Kingdom's garment sector 'resilient' despite COVID-19

Workers are seen at a garment factory in Jordan in this undated photo. (Photo: Jordan News)
Workers are seen at a garment factory in Jordan in this undated photo. (Photo: Jordan News)
 AMMAN — Although the Jordanian economy was subjected to turbulence during the COVID-19 pandemic, the Kingdom’s garment sector has proven to be “resilient,” according to a Better Work Project report issued by the International Labor Organization and the International Finance Corporation.اضافة اعلان

The report stated that “COVID-19 has had a major financial and human impact on the garment sector in Jordan.”

According to the report, in 2020, exports decreased by 15 percent, six factories shut down, and there were approximately 7,000 fewer workers in participating factories. In January 2021, 10 percent of employees across 46 of 88 factories had tested positive for the coronavirus across. The report also stated that “Jordanian workers were paid minimum wage but barred from working during some months of the year to limit the spread of COVID-19,” while “migrant workers continued working, albeit with reduced hours, which impacted their ability to send money home to their families.”

Tariq Abu Qaoud, director of Better Work Project, told Jordan News over the phone that “46 percent of workers in the garment industry are seeing a decrease in their income, 25 percent are working less, and 15 percent have debts which they cannot pay due to the pandemic.”

The report also indicated that 72 percent of workers in the exporting garment sector are women, while 76 percent are migrants mainly from South Asia.

The report highlighted some vulnerabilities and “severe violations” in the garment sector in the Kingdom, specifically in terms of adopting measures to ensure decent working conditions.

“COVID-19 has exposed some weaknesses in the industry in terms of compliance and provision of decent working conditions. Many factories had to prioritize COVID-19-related changes, which led to delays in addressing persistent issues and other violations,” read the report. “A small number of factories had severe violations, such as forced labor, inaccurate and late payment of wages, and reductions in the number of meals provided to workers.”  

The report lauded J-GATE (Jordan Garments, Accessories & Textiles Exporters Association) advocacy efforts which led to a change in government policies towards the sector during the pandemic.
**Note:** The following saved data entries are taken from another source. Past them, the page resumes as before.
definition W :: "('q, 'b) nfa \<Rightarrow> 'q set \<Rightarrow> 'q set \<Rightarrow> 'b list set" where
  "W N S T = {w. \<exists>q\<in>S. \<exists>q'\<in>T. q' \<in> delta_hat N q w}"

definition post :: "('q, 'b) nfa \<Rightarrow> 'b list \<Rightarrow> 'q set \<Rightarrow> 'q set" where
  "post N w S = {q. w \<in> W N S {q}}"

definition nfa_lang :: "('q, 'b) nfa \<Rightarrow> 'b list set" where
  "nfa_lang N = W N (nI N) (nF N)"

definition left_quot :: "'b list \<Rightarrow> 'b list set \<Rightarrow> 'b list set" where
  "left_quot u L = {x. u @ x \<in> L}"

definition right_equiv_lang :: "'b list set \<Rightarrow> 'b list \<Rightarrow> 'b list \<Rightarrow> bool" where
  "right_equiv_lang L u v \<longleftrightarrow> left_quot u L = left_quot v L"

definition right_equiv_nfa :: "('q, 'b) nfa \<Rightarrow> 'b list \<Rightarrow> 'b list \<Rightarrow> bool" where
  "right_equiv_nfa N u v \<longleftrightarrow> post N u (nI N) = post N v (nI N)"

definition cls :: "('w \<Rightarrow> 'w \<Rightarrow> bool) \<Rightarrow> 'w \<Rightarrow> 'w set" where
  "cls R u = {v. R u v}"

definition cls_set :: "('w \<Rightarrow> 'w \<Rightarrow> bool) \<Rightarrow> 'w set \<Rightarrow> 'w set" where
  "cls_set R S = (\<Union>u\<in>S. cls R u)"

record ('s, 'b) dfa =
  dStates :: "'s set"
  dInit :: 's
  dFinal :: "'s set"
  dTrans :: "'s \<Rightarrow> 'b \<Rightarrow> 's"

definition is_DFA :: "('s, 'b) dfa \<Rightarrow> bool" where
  "is_DFA D \<longleftrightarrow> dInit D \<in> dStates D \<and> dFinal D \<subseteq> dStates D
     \<and> (\<forall>s\<in>dStates D. \<forall>a. dTrans D s a \<in> dStates D)"

definition dfa_lang :: "('s, 'b) dfa \<Rightarrow> 'b list set" where
  "dfa_lang D = {w. foldl (dTrans D) (dInit D) w \<in> dFinal D}"

definition dfa_iso :: "('s, 'b) dfa \<Rightarrow> ('t, 'b) dfa \<Rightarrow> bool" where
  "dfa_iso D E \<longleftrightarrow> (\<exists>f. bij_betw f (dStates D) (dStates E) \<and> f (dInit D) = dInit E
     \<and> (\<forall>s\<in>dStates D. f s \<in> dFinal E \<longleftrightarrow> s \<in> dFinal D)
     \<and> (\<forall>s\<in>dStates D. \<forall>a. f (dTrans D s a) = dTrans E (f s) a))"

text \<open>Competitors are
  taken with states in nat; every DFA with finitely many states can be relabelled into
  nat, and a DFA with infinitely many states never has fewer states than a finite one.\<close>
definition is_minimal_DFA :: "('s, 'b) dfa \<Rightarrow> 'b list set \<Rightarrow> bool" where
  "is_minimal_DFA D L \<longleftrightarrow> is_DFA D \<and> dfa_lang D = L \<and> finite (dStates D)
     \<and> (\<forall>D' :: (nat, 'b) dfa. is_DFA D' \<and> finite (dStates D') \<and> dfa_lang D' = L
          \<longrightarrow> card (dStates D) \<le> card (dStates D'))"

definition Gr :: "('q, 'b) nfa \<Rightarrow> ('b list set, 'b) dfa" where
  "Gr N = \<lparr> dStates = {cls (right_equiv_nfa N) u | u. True},
           dInit = cls (right_equiv_nfa N) [],
           dFinal = {cls (right_equiv_nfa N) u | u. u \<in> nfa_lang N},
           dTrans = (\<lambda>S a. cls (right_equiv_nfa N)
                       ((SOME u. S = cls (right_equiv_nfa N) u) @ [a])) \<rparr>"

end

theory Submission
  imports Defs
begin

text \<open>
  The right equivalence of \<open>N\<close> always refines the Nerode equivalence of \<open>L\<close>, and
  \<open>G\<^sup>r(N)\<close> is the quotient automaton of the former, whereas the minimal DFA is the
  quotient of the latter. So \<open>G\<^sup>r(N)\<close> is minimal iff it has no more states than there
  are Nerode classes, iff (by finiteness) the two equivalences coincide. Since
  \<open>u \<sim>\<^sup>r\<^sub>N v\<close> means that \<open>u\<close> and \<open>v\<close> lie in exactly the same sets \<open>W\<^sub>I\<^sub>,\<^sub>q\<close>, this happens
  iff every \<open>W\<^sub>I\<^sub>,\<^sub>q\<close> is a union of Nerode classes.
\<close>

lemma cls_eq_iff: "equivp R \<Longrightarrow> cls R u = cls R v \<longleftrightarrow> R u v"
  unfolding cls_def by (metis equivp_def mem_Collect_eq)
“The country effectively shut down in mid-March, but stakeholders from the garment sector, led by J-GATE, were able to successfully lobby the government to allow production to resume for garment factories with additional health and safety measures in place,” according to the report. “In addition, J-GATE played a pivotal role in lobbying the government to relax the rules around contracts to allow migrant workers who had been working at factories that went out of business to be transferred to new ones.”

The report alluded to the Trade Agreements ratified by Jordan — most notably its agreement with the United States.

The report read, “The most significant agreement is the United States-Jordan Free Trade Agreement, which gives Jordan preferential duty rates and quota-free access to the US market. The report also pointed to Jordan’s agreement with the EU, which “applies to three non-garment sectors” and has “driven Better Work Jordan’s expansion into plastics, chemicals, and engineering sectors.”

“Globally the pandemic had a negative impact on the garment industry estimated at 30-50 percent, but domestically the sector was affected by a 15-20 percent due to the decrease in exports to the United States which is the destination for most of our garment exports,” said Abu Qaoud.  

“Six factories out of 96 have closed, 7,000 people out of 65,000 have lost their jobs due to the pandemic,” added Abu Qaoud.

Abu Qaoud highlighted the inoculation efforts exerted in the garment and textile sector to ensure that workers are immunized and working in safe conditions.

“42,000 out of 65,000 have taken at least the first dose of the vaccine; we consider this as a big achievement for the government and investors alike,” said Abu Qaoud.

Fathallah Al-Omrani, president of the General Trade Union of Workers in Textile Garment and Clothing Industry, explained why Jordan’s exports of garment to the United Stated saw a severe drop.

“Our exports to the United States decreased due to four main reasons. First, order quantities saw a remarkable drop, second, the work flaw saw disruptions due to cases of COVID-19 among workers, third, the pandemic also disrupted the supply chain and trade routes, and fourth, countries like China were unable to export and deliver raw materials to us so the time schedule was disrupted as well.”

Omrani added that during the pandemic, “many workers finished their contract period but could not travel back due to the border shutdowns … No more than 10,000 jobs were lost in the sector but we could not get replacements for the same reason.”

Mohammad Zyoud, the spokesperson of the Ministry of Labor, contended that “the ministry deals firmly with any labor complaints on wages or ending contract,” adding that employers “are obliged to pay wages to workers during the pandemic and those who do not comply will be dealt with in accordance with the law.”

According to Zyoud, “Any employer who proceeds to terminate the contracts of workers in violation of the defense law is obliged to return the employee to work.”